◆ **Try it**
Set down exactly the lines below, starting at the one that contains "(f a x * (\<Prod>k\<in>F." and ending at the one that contains "x ^ (m - 1))) (at", with both of those lines included and nothing else.

◆ **Records**
(* Let $n\ge2$, $0<s\le 1/(25n^2)$, $b_1,\dots,b_{n-1}\in\mathbb{C}$ with $|b_i|=s^i$, and let $P_n$ be as defined below. For $1\le i\le n-1$ and $1\le j\le 2n+2$ let $\widetilde w_{i,j}=b_i\exp\!\big(\pi\mathrm{i}\tfrac{2j-1}{2n+2}\big)$. Then there is a critical point $w_{i,j}\in\mathbb{C}\setminus\{0\}$ of $P_n$ (a solution of $zP_n'(z)/(P_n(z)-B_n)=0$) with $|w_{i,j}-\widetilde w_{i,j}|<s^{n+1/2}|b_i|$, and $w_{i_1,j_1}=w_{i_2,j_2}$ if and only if $(i_1,j_1)=(i_2,j_2)$.
   Context: $C_n=\sum_{i=1}^{n-1}\frac{(-1)^{i-1}b_i^{2n+2}}{1-b_i^{2n+2}}$, $A_n=\frac{1}{1+(2n+2)C_n}\prod_{i=1}^{n-1}(1-b_i^{2n+2})^{(-1)^i}$, $B_n=\frac{(2n+2)C_n}{1+(2n+2)C_n}$, and $$P_n(z)=A_n\,\frac{(n+1)z^{(-1)^{n+1}(n+1)}}{nz^{n+1}+1}\prod_{i=1}^{n-1}\big(z^{2n+2}-b_i^{2n+2}\big)^{(-1)^{i-1}}+B_n.$$ *)

theory Defs
  imports "HOL-Analysis.Analysis"
begin

definition C_n :: "nat \<Rightarrow> (nat \<Rightarrow> complex) \<Rightarrow> complex" where
  "C_n n b = (\<Sum>i=1..n-1. (-1)^(i-1) * b i ^ (2*n+2) / (1 - b i ^ (2*n+2)))"

definition A_n :: "nat \<Rightarrow> (nat \<Rightarrow> complex) \<Rightarrow> complex" where
  "A_n n b = 1 / (1 + of_nat (2*n+2) * C_n n b) *
     (\<Prod>i=1..n-1. (1 - b i ^ (2*n+2)) powi ((-1)^i))"

definition B_n :: "nat \<Rightarrow> (nat \<Rightarrow> complex) \<Rightarrow> complex" where
  "B_n n b = of_nat (2*n+2) * C_n n b / (1 + of_nat (2*n+2) * C_n n b)"

definition P_n :: "nat \<Rightarrow> (nat \<Rightarrow> complex) \<Rightarrow> complex \<Rightarrow> complex" where
  "P_n n b z = A_n n b * (of_nat (n+1) * z powi ((-1)^(n+1) * int (n+1)) / (of_nat n * z^(n+1) + 1))
      * (\<Prod>i=1..n-1. (z^(2*n+2) - b i ^ (2*n+2)) powi ((-1)^(i-1))) + B_n n b"

text \<open>z is a point where P_n is defined (nonzero, not a pole) and P_n z differs from B_n,
  so z P_n'(z)/(P_n(z) - B_n) is a well-defined quantity; it is a critical point when this
  quantity vanishes, i.e. when the derivative of P_n at z is zero.\<close>
definition is_crit_P :: "nat \<Rightarrow> (nat \<Rightarrow> complex) \<Rightarrow> complex \<Rightarrow> bool" where
  "is_crit_P n b z \<longleftrightarrow> z \<noteq> 0 \<and> of_nat n * z^(n+1) + 1 \<noteq> 0 \<and>
     (\<forall>i\<in>{1..n-1}. z^(2*n+2) \<noteq> b i ^ (2*n+2)) \<and> P_n n b z \<noteq> B_n n b \<and>
     (P_n n b has_field_derivative 0) (at z)"

end

theory Submission
  imports Defs
begin

text \<open>
  With \<open>N = 2n+2\<close>, the function \<open>z P_n'(z) / (P_n(z) - B_n)\<close> is the sum of the logarithmic
  derivatives of the factors of \<open>P_n - B_n\<close>, one term per factor. For \<open>|z|\<close> close to \<open>|b_i|\<close> the
  factors with \<open>k \<noteq> i\<close> contribute almost constants, because the \<open>|b_k|\<close> are separated by
  powers of \<open>s\<close>; together with the two remaining factors these constants add up to exactly
  \<open>(-1)^i N/2\<close>. Hence the critical point equation takes the form
  \<open>z^N = -b_i^N E(z)/(1 - E(z))\<close> with \<open>E(z) = 1/2 + O(n s^(n+1))\<close>, and choosing the \<open>N\<close>-th root
  near \<open>b_i \<omega>_j\<close> turns it into a fixed point problem for a self-map of the disc of radius
  \<open>2 s^(n+1) |b_i|\<close> around \<open>b_i \<omega>_j\<close>, which Brouwer's theorem solves. These discs are pairwise
  disjoint: those for different \<open>i\<close> lie in far apart annuli, and those for different \<open>j\<close> are
  separated since distinct \<open>N\<close>-th roots of unity are at distance at least \<open>1/N\<close>.
\<close>

subsection \<open>Logarithmic derivatives\<close>

text \<open>A derivative written as \<open>f x * L\<close> exhibits \<open>L\<close> as the logarithmic derivative of \<open>f\<close> at \<open>x\<close>.\<close>

lemma logderiv_mult:
  assumes "(f has_field_derivative f x * L1) (at x)" "(g has_field_derivative g x * L2) (at x)"
  shows "((\<lambda>y. f y * g y) has_field_derivative (f x * g x) * (L1 + L2)) (at x)"
  using DERIV_mult[OF assms] by (simp add: algebra_simps)

lemma logderiv_divide:
  assumes "(f has_field_derivative f x * L1) (at x)" "(g has_field_derivative g x * L2) (at x)"
    and "g x \<noteq> (0::'a::real_normed_field)"
  shows "((\<lambda>y. f y / g y) has_field_derivative (f x / g x) * (L1 - L2)) (at x)"
proof -
  have "(f x * L1 * g x - f x * (g x * L2)) / (g x * g x) = (f x / g x) * (L1 - L2)"
    using assms(3) by (simp add: field_simps)
  then show ?thesis using DERIV_divide[OF assms] by simp
qed

lemma logderiv_prod:
  assumes "finite S" "\<And>k. k \<in> S \<Longrightarrow> (f k has_field_derivative f k x * L k) (at x)"
  shows "((\<lambda>y. \<Prod>k\<in>S. f k y) has_field_derivative (\<Prod>k\<in>S. f k x) * (\<Sum>k\<in>S. L k)) (at x)"
  using assms
proof (induction S rule: finite_induct)
  case (insert a F)
  have "((\<lambda>y. f a y * (\<Prod>k\<in>F. f k y)) has_field_derivative
      (f a x * (\<Prod>k\<in>F. f k x)) * (L a + (\<Sum>k\<in>F. L k))) (at x)"
    by (rule logderiv_mult) (use insert in auto)
  then show ?case using insert by simp
qed simp

lemma logderiv_of_nonzero:
  assumes "(f has_field_derivative D) (at x)" "f x \<noteq> (0::'a::real_normed_field)"
  shows "(f has_field_derivative f x * (D / f x)) (at x)"
  using assms by simp

lemma logderiv_power_int:
  assumes "(x::complex) \<noteq> 0"
  shows "((\<lambda>y. y powi e) has_field_derivative (x powi e) * (of_int e / x)) (at x)"
proof -
  have "((\<lambda>y. y powi e) has_field_derivative of_int e * x powi (e - 1) * 1) (at x)"
    by (rule DERIV_power_int) (use assms in auto)
  moreover have "of_int e * x powi (e - 1) * 1 = (x powi e) * (of_int e / x)"
    using assms by (simp add: power_int_diff field_simps)
  ultimately show ?thesis by simp
qed

lemma logderiv_power_diff_power_int:
  assumes "(x::complex) ^ m \<noteq> c"
  shows "((\<lambda>y. (y ^ m - c) powi e) has_field_derivative
    ((x ^ m - c) powi e) * (of_int e * of_nat m * x ^ (m - 1) / (x ^ m - c))) (at x)"
proof -
  have "((\<lambda>y. (y ^ m - c) powi e) has_field_derivative
      of_int e * (x ^ m - c) powi (e - 1) * (of_nat m * x ^ (m - 1))) (at x)"
    by (rule DERIV_power_int) (use assms in \<open>auto intro!: derivative_eq_intros\<close>)
  moreover have "of_int e * (x ^ m - c) powi (e - 1) * (of_nat m * x ^ (m - 1))
      = ((x ^ m - c) powi e) * (of_int e * of_nat m * x ^ (m - 1) / (x ^ m - c))"
    using assms by (simp add: power_int_diff field_simps)
  ultimately show ?thesis by simp
qed

lemma logderiv_scaled_power_plus_one:
  assumes "a * (x::complex) ^ (m+1) + 1 \<noteq> 0"
  shows "((\<lambda>y. a * y ^ (m+1) + 1) has_field_derivative
    (a * x ^ (m+1) + 1) * (a * of_nat (m+1) * x ^ m / (a * x ^ (m+1) + 1))) (at x)"
proof -
  have "((\<lambda>y. y ^ (m+1)) has_field_derivative of_nat (m+1) * x ^ m) (at x)"
    by (rule DERIV_cong[OF DERIV_power[OF DERIV_ident]]) simp
  from DERIV_add[OF DERIV_cmult[OF this, of a] DERIV_const[of 1]]
  have "((\<lambda>y. a * y ^ (m+1) + 1) has_field_derivative a * (of_nat (m+1) * x ^ m)) (at x)"
    by simp
  from logderiv_of_nonzero[OF this assms] show ?thesis by (simp add: algebra_simps)
qed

◆ **Final answer**
      (f a x * (\<Prod>k\<in>F. f k x)) * (L a + (\<Sum>k\<in>F. L k))) (at x)"
    by (rule logderiv_mult) (use insert in auto)
  then show ?case using insert by simp
qed simp

lemma logderiv_of_nonzero:
  assumes "(f has_field_derivative D) (at x)" "f x \<noteq> (0::'a::real_normed_field)"
  shows "(f has_field_derivative f x * (D / f x)) (at x)"
  using assms by simp

lemma logderiv_power_int:
  assumes "(x::complex) \<noteq> 0"
  shows "((\<lambda>y. y powi e) has_field_derivative (x powi e) * (of_int e / x)) (at x)"
proof -
  have "((\<lambda>y. y powi e) has_field_derivative of_int e * x powi (e - 1) * 1) (at x)"
    by (rule DERIV_power_int) (use assms in auto)
  moreover have "of_int e * x powi (e - 1) * 1 = (x powi e) * (of_int e / x)"
    using assms by (simp add: power_int_diff field_simps)
  ultimately show ?thesis by simp
qed

lemma logderiv_power_diff_power_int:
  assumes "(x::complex) ^ m \<noteq> c"
  shows "((\<lambda>y. (y ^ m - c) powi e) has_field_derivative
    ((x ^ m - c) powi e) * (of_int e * of_nat m * x ^ (m - 1) / (x ^ m - c))) (at x)"
proof -
  have "((\<lambda>y. (y ^ m - c) powi e) has_field_derivative
      of_int e * (x ^ m - c) powi (e - 1) * (of_nat m * x ^ (m - 1))) (at x)"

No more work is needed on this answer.